Periodic Reporting for period 4 - PLANTSTEMS (Decoding the Lateral Expansion of Plant Stems)
Okres sprawozdawczy: 2020-03-01 do 2021-08-31
Using these tools, we provided gene expression profiles of the mature inflorescence stem of Arabidopsis thaliana covering a comprehensive set of distinct tissues including different cambium domains (Shi et al., 2021, Plant Cell; Neumann et al., 2022, Nature Commun). By combining fluorescence-activated nucleus sorting and Laser-capture microdissection with next generation RNA sequencing, we characterized the transcriptomes of xylem vessels, fibres, the proximal and distal cambium, phloem, phloem cap, pith, starch sheath, and epidermis cells. Our analyses classified more than 15,000 genes as being differentially expressed among different stem tissues and revealed known and novel tissue-specific cellular signatures. Our datasets predict the expression profiles of an exceptional number of genes and allow hypotheses to be generated about the spatial organization of physiological processes. Moreover, we demonstrated that information about gene expression in a broad range of mature plant tissues can be established at high spatial resolution by nuclear mRNA profiling.

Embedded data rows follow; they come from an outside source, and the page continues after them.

(* Let $F$ be a nontrivial finite group, $\tfrac12<p<1$, $\lambda=\frac{p}{1-p}$, $\alpha=\frac{\log|F|}{\log\lambda}$, and let $R_n=((L_n(i))_i,S_n)$ be the stationary random walk on $F\wr\mathbb{Z}$ with parameter $p$. Let $\rho_0=0$ and $\rho_k=\inf\{n>\rho_{k-1}:S_n=0\}$. Then there exist constants $k_0$ and $0<c\le C$ depending only on $p$ and $|F|$ such that for all integers $k\ge k_0$, \[\frac{c}{k^{2\alpha}}\le\Pr(R_{\rho_k}=\mathrm{id})\le\frac{C}{k^{2\alpha}}.\]
   Context: Elements of $F\wr\mathbb{Z}$ are pairs $((L(i))_{i\in\mathbb{Z}},x)$ with $L:\mathbb{Z}\to F$ finitely supported and $x\in\mathbb{Z}$; $\mathrm{id}$ has all lamps $\mathrm{id}_F$ and $x=0$. $(S_n)$ is the Markov chain on $\mathbb{Z}$ with $S_0=0$ and $\Pr(S_{n+1}=x+1\mid S_n=x)$ equal to $p,\tfrac12,1-p$ for $x<0,x=0,x>0$ respectively, and $\Pr(S_{n+1}=x-1\mid S_n=x)$ equal to $1-p,\tfrac12,p$ respectively. $(U_n,V_n)_{n\ge1}$ are i.i.d. pairs of independent uniform elements of $F$, independent of $(S_n)$; $L_0\equiv\mathrm{id}_F$, $L_{n+1}(i)=L_n(i)$ for $i\notin\{S_n,S_{n+1}\}$, $L_{n+1}(S_n)=U_{n+1}$, $L_{n+1}(S_{n+1})=V_{n+1}$. *)

theory Defs
  imports "HOL-Probability.Probability" "HOL-Algebra.Group"
begin

text \<open>Randomness for step n+1: a coin C ~ Bernoulli(p), a fair coin D, and
  independent uniform elements U, V of the carrier of the lamp group.\<close>

definition step_pmf :: "real \<Rightarrow> ('a, 'b) monoid_scheme \<Rightarrow> (bool \<times> bool \<times> 'a \<times> 'a) pmf" where
  "step_pmf p G = pair_pmf (bernoulli_pmf p)
      (pair_pmf (bernoulli_pmf (1/2)) (pair_pmf (pmf_of_set (carrier G)) (pmf_of_set (carrier G))))"

definition walk_space :: "real \<Rightarrow> ('a, 'b) monoid_scheme \<Rightarrow> (bool \<times> bool \<times> 'a \<times> 'a) stream measure" where
  "walk_space p G = stream_space (measure_pmf (step_pmf p G))"

definition incr :: "int \<Rightarrow> bool \<Rightarrow> bool \<Rightarrow> int" where
  "incr x c d = (if x < 0 then (if c then 1 else -1)
                 else if x > 0 then (if c then -1 else 1)
                 else (if d then 1 else -1))"

fun Spos :: "(bool \<times> bool \<times> 'a \<times> 'a) stream \<Rightarrow> nat \<Rightarrow> int" where
  "Spos \<omega> 0 = 0"
| "Spos \<omega> (Suc n) = (case \<omega> !! n of (c, d, u, v) \<Rightarrow> Spos \<omega> n + incr (Spos \<omega> n) c d)"

fun Lamps :: "('a, 'b) monoid_scheme \<Rightarrow> (bool \<times> bool \<times> 'a \<times> 'a) stream \<Rightarrow> nat \<Rightarrow> int \<Rightarrow> 'a" where
  "Lamps G \<omega> 0 = (\<lambda>i. \<one>\<^bsub>G\<^esub>)"
| "Lamps G \<omega> (Suc n) = (case \<omega> !! n of (c, d, u, v) \<Rightarrow>
      ((Lamps G \<omega> n)(Spos \<omega> n := u))(Spos \<omega> (Suc n) := v))"

fun rho :: "(bool \<times> bool \<times> 'a \<times> 'a) stream \<Rightarrow> nat \<Rightarrow> enat" where
  "rho \<omega> 0 = 0"
| "rho \<omega> (Suc k) = Inf {enat m | m. rho \<omega> k < enat m \<and> Spos \<omega> m = 0}"

text \<open>R_n = id in the wreath product: all lamps identity and position 0.\<close>
definition is_id_at :: "('a, 'b) monoid_scheme \<Rightarrow> (bool \<times> bool \<times> 'a \<times> 'a) stream \<Rightarrow> nat \<Rightarrow> bool" where
  "is_id_at G \<omega> n \<longleftrightarrow> Lamps G \<omega> n = (\<lambda>i. \<one>\<^bsub>G\<^esub>) \<and> Spos \<omega> n = 0"

end

theory Submission
  imports Defs
begin

text \<open>Only whether a lamp shows the identity matters, and a freshly randomised lamp does so with
  probability \<open>q = 1 / |F|\<close>. At the \<open>k\<close>-th return to 0 every lamp of the visited range
  \<open>[lo, hi]\<close> has been randomised, so the probability in question is the expectation of
  \<open>q ^ (hi - lo + 1)\<close> at that time, a potential of the chain (position, minimum, maximum, number
  of returns). It is compared with explicit sub- and supersolutions built from gambler's ruin
  probabilities: an excursion from 0 returns before reaching distance \<open>m + 1\<close> with probability
  \<open>1 - O(lam ^ (-m))\<close>, so after \<open>k\<close> excursions the range has length about \<open>2 log k / log lam\<close>,
  and \<open>q\<close> to that power is \<open>k ^ (-2 alpha)\<close>.\<close>

section \<open>Potentials of the range chain\<close>

text \<open>States \<open>(y, lo, hi, c)\<close> of the base walk: position, minimum and maximum of the positions
  visited so far, and number of returns to 0.\<close>

type_synonym range_state = "int \<times> int \<times> int \<times> nat"

definition up_prob :: "real \<Rightarrow> int \<Rightarrow> real" where
  "up_prob p y = (if y < 0 then p else if y > 0 then 1 - p else 1/2)"

definition move :: "int \<Rightarrow> range_state \<Rightarrow> range_state" where
  "move d \<tau> = (case \<tau> of (y, lo, hi, c) \<Rightarrow>
     (y + d, min lo (y + d), max hi (y + d), if y + d = 0 then Suc c else c))"

definition step_op :: "real \<Rightarrow> (range_state \<Rightarrow> ennreal) \<Rightarrow> range_state \<Rightarrow> ennreal" where
  "step_op p f \<tau> =
     ennreal (up_prob p (fst \<tau>)) * f (move 1 \<tau>) + ennreal (1 - up_prob p (fst \<tau>)) * f (move (-1) \<tau>)"

definition step_op_real :: "real \<Rightarrow> (range_state \<Rightarrow> real) \<Rightarrow> range_state \<Rightarrow> real" where
  "step_op_real p f \<tau> = up_prob p (fst \<tau>) * f (move 1 \<tau>) + (1 - up_prob p (fst \<tau>)) * f (move (-1) \<tau>)"

definition potential :: "real \<Rightarrow> (range_state \<Rightarrow> ennreal) \<Rightarrow> range_state \<Rightarrow> ennreal" where
  "potential p f \<tau> = (\<Sum>n. (step_op p ^^ n) f \<tau>)"

definition step_closed :: "range_state set \<Rightarrow> bool" where
  "step_closed A \<longleftrightarrow> (\<forall>\<tau>\<in>A. move 1 \<tau> \<in> A \<and> move (-1) \<tau> \<in> A)"

definition range_states :: "range_state set" where
  "range_states = {(y, lo, hi, c). lo \<le> 0 \<and> 0 \<le> hi \<and> lo \<le> y \<and> y \<le> hi}"

lemma step_closed_range_states: "step_closed range_states"
  unfolding step_closed_def range_states_def move_def by auto

lemma up_prob_bounds: "0 \<le> p \<Longrightarrow> p \<le> 1 \<Longrightarrow> 0 \<le> up_prob p y \<and> up_prob p y \<le> 1"
  unfolding up_prob_def by auto

lemma step_op_mono_on:
  assumes "step_closed A" "\<tau> \<in> A" "\<And>\<sigma>. \<sigma> \<in> A \<Longrightarrow> f \<sigma> \<le> g \<sigma>"
  shows "step_op p f \<tau> \<le> step_op p g \<tau>"
  using assms unfolding step_op_def step_closed_def by (intro add_mono mult_left_mono) auto

lemma step_op_cong_on:
  assumes "step_closed A" "\<tau> \<in> A" "\<And>\<sigma>. \<sigma> \<in> A \<Longrightarrow> f \<sigma> = g \<sigma>"
  shows "step_op p f \<tau> = step_op p g \<tau>"
  using assms unfolding step_op_def step_closed_def by auto

lemma step_op_add: "step_op p (\<lambda>\<sigma>. f \<sigma> + g \<sigma>) \<tau> = step_op p f \<tau> + step_op p g \<tau>"
  unfolding step_op_def by (simp add: distrib_left add_ac)

lemma step_op_sum: "step_op p (\<lambda>\<sigma>. \<Sum>i\<in>I. f i \<sigma>) \<tau> = (\<Sum>i\<in>I. step_op p (f i) \<tau>)"
  unfolding step_op_def by (simp add: sum_distrib_left sum.distrib)

lemma step_op_suminf: "step_op p (\<lambda>\<sigma>. \<Sum>i. f i \<sigma>) \<tau> = (\<Sum>i. step_op p (f i) \<tau>)"
  unfolding step_op_def by (subst suminf_add[symmetric]) (auto intro: summableI)

lemma step_op_nn_integral:
  "step_op p (\<lambda>\<sigma>. \<integral>\<^sup>+z. f z \<sigma> \<partial>measure_pmf M) \<tau> = (\<integral>\<^sup>+z. step_op p (f z) \<tau> \<partial>measure_pmf M)"
  unfolding step_op_def by (simp add: nn_integral_cmult nn_integral_add)

lemma step_op_ennreal:
  assumes "0 \<le> p" "p \<le> 1" "0 \<le> f (move 1 \<tau>)" "0 \<le> f (move (-1) \<tau>)"
  shows "step_op p (\<lambda>\<sigma>. ennreal (f \<sigma>)) \<tau> = ennreal (step_op_real p f \<tau>)"
  using assms up_prob_bounds[OF assms(1,2), of "fst \<tau>"]
  by (simp add: step_op_def step_op_real_def ennreal_mult ennreal_plus)

lemma step_op_real_nonneg:
  assumes "0 \<le> p" "p \<le> 1" "0 \<le> f (move 1 \<tau>)" "0 \<le> f (move (-1) \<tau>)"
  shows "0 \<le> step_op_real p f \<tau>"
  using assms up_prob_bounds[OF assms(1,2), of "fst \<tau>"] unfolding step_op_real_def by simp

In addition to these achievements, we identified functional domains of auxin signalling in the Arabidopsis cambium by local short-term modulation of auxin biosynthesis and signalling. We revealed that, while cambial stem cells do not appear to be a site of elevated auxin signalling, auxin signalling in these cells is required for cambium activity (Brackmann et al., 2018, Nature Commun). By analyzing transcriptional reporters and mutants of vasculature-associated ARFs, we identified ARF3, ARF4 and ARF5/MP as cambium regulators with different tissue-specificities as well as distinct roles in cambium regulation. In particular, we identified ARF5/MP to cell-autonomously restrict the number of stem cells by directly attenuating the activity of the stem cell-promoting WOX4 gene. Our results revealed an influence of auxin signalling on distinct cambium features by specific signalling components and allow the conceptual integration of plant stem cell systems with distinct anatomies. In fact we concluded that auxin signalling in the cambium shares features with both the situation in the root apical meristem where auxin regulates cell divisions and the shoot apical meristem where auxin, and particular ARF5/MP, is strongly correlated with cell differentiation. Thereby, we enlighten a long-observed role of auxin signalling in radial plant growth and reveal that its function is partly specific in different stem cell niches.
As a central discovery in the context of the question toward mechanisms of cambium-derived tissue formation, we identified and characterized an essential role of SUPPRESSOR OF MAX2 1-LIKE (SMXL) proteins (Wallner et al., Curr Biol, 2017; Miyashima et al., 2019, Nature; Wallner et al., 2020, PlantPhys; Cho et al., 2018; Nature Plants; Wallner et al., 2021, bioRxiv). We demonstrated that, within the SMXL gene family, specifically SMXL3, SMXL4, and SMXL5-deficiency results in strong defects in phloem formation. At the beginning of our work, the three genes formed an non-characterized subclade of the SMXL gene family which mediates hormonal strigolactone and karrikin signalling. We found that SMXL3/4/5 proteins function differently to canonical strigolactone and karrikin signalling mediators, although being functionally interchangeable with those under low strigolactone/karrikin signalling conditions. We also found that the SMXL5 protein interacts physically with the PhD finger protein OBERON3 (OBE3) forming a functional unit during phloem formation. We provided evidence that SMXL5 and OBE3 proteins interact in planta and elucidated a functional interaction between OBE3 and SMXL3/4/5 genes during phloem development using genetic means. Therefore, just like SMXL3/4/5, OBE3 is an important component during phloem initiation and differentiation. By characterizing the SMXL3/4/5-OBE3 interaction we provided also insights into the molecular network of phloem formation in plants and propose that the SMXL3/4/5-OBE3-dependent establishment of a distinct chromatin profile is an essential step during phloem specification.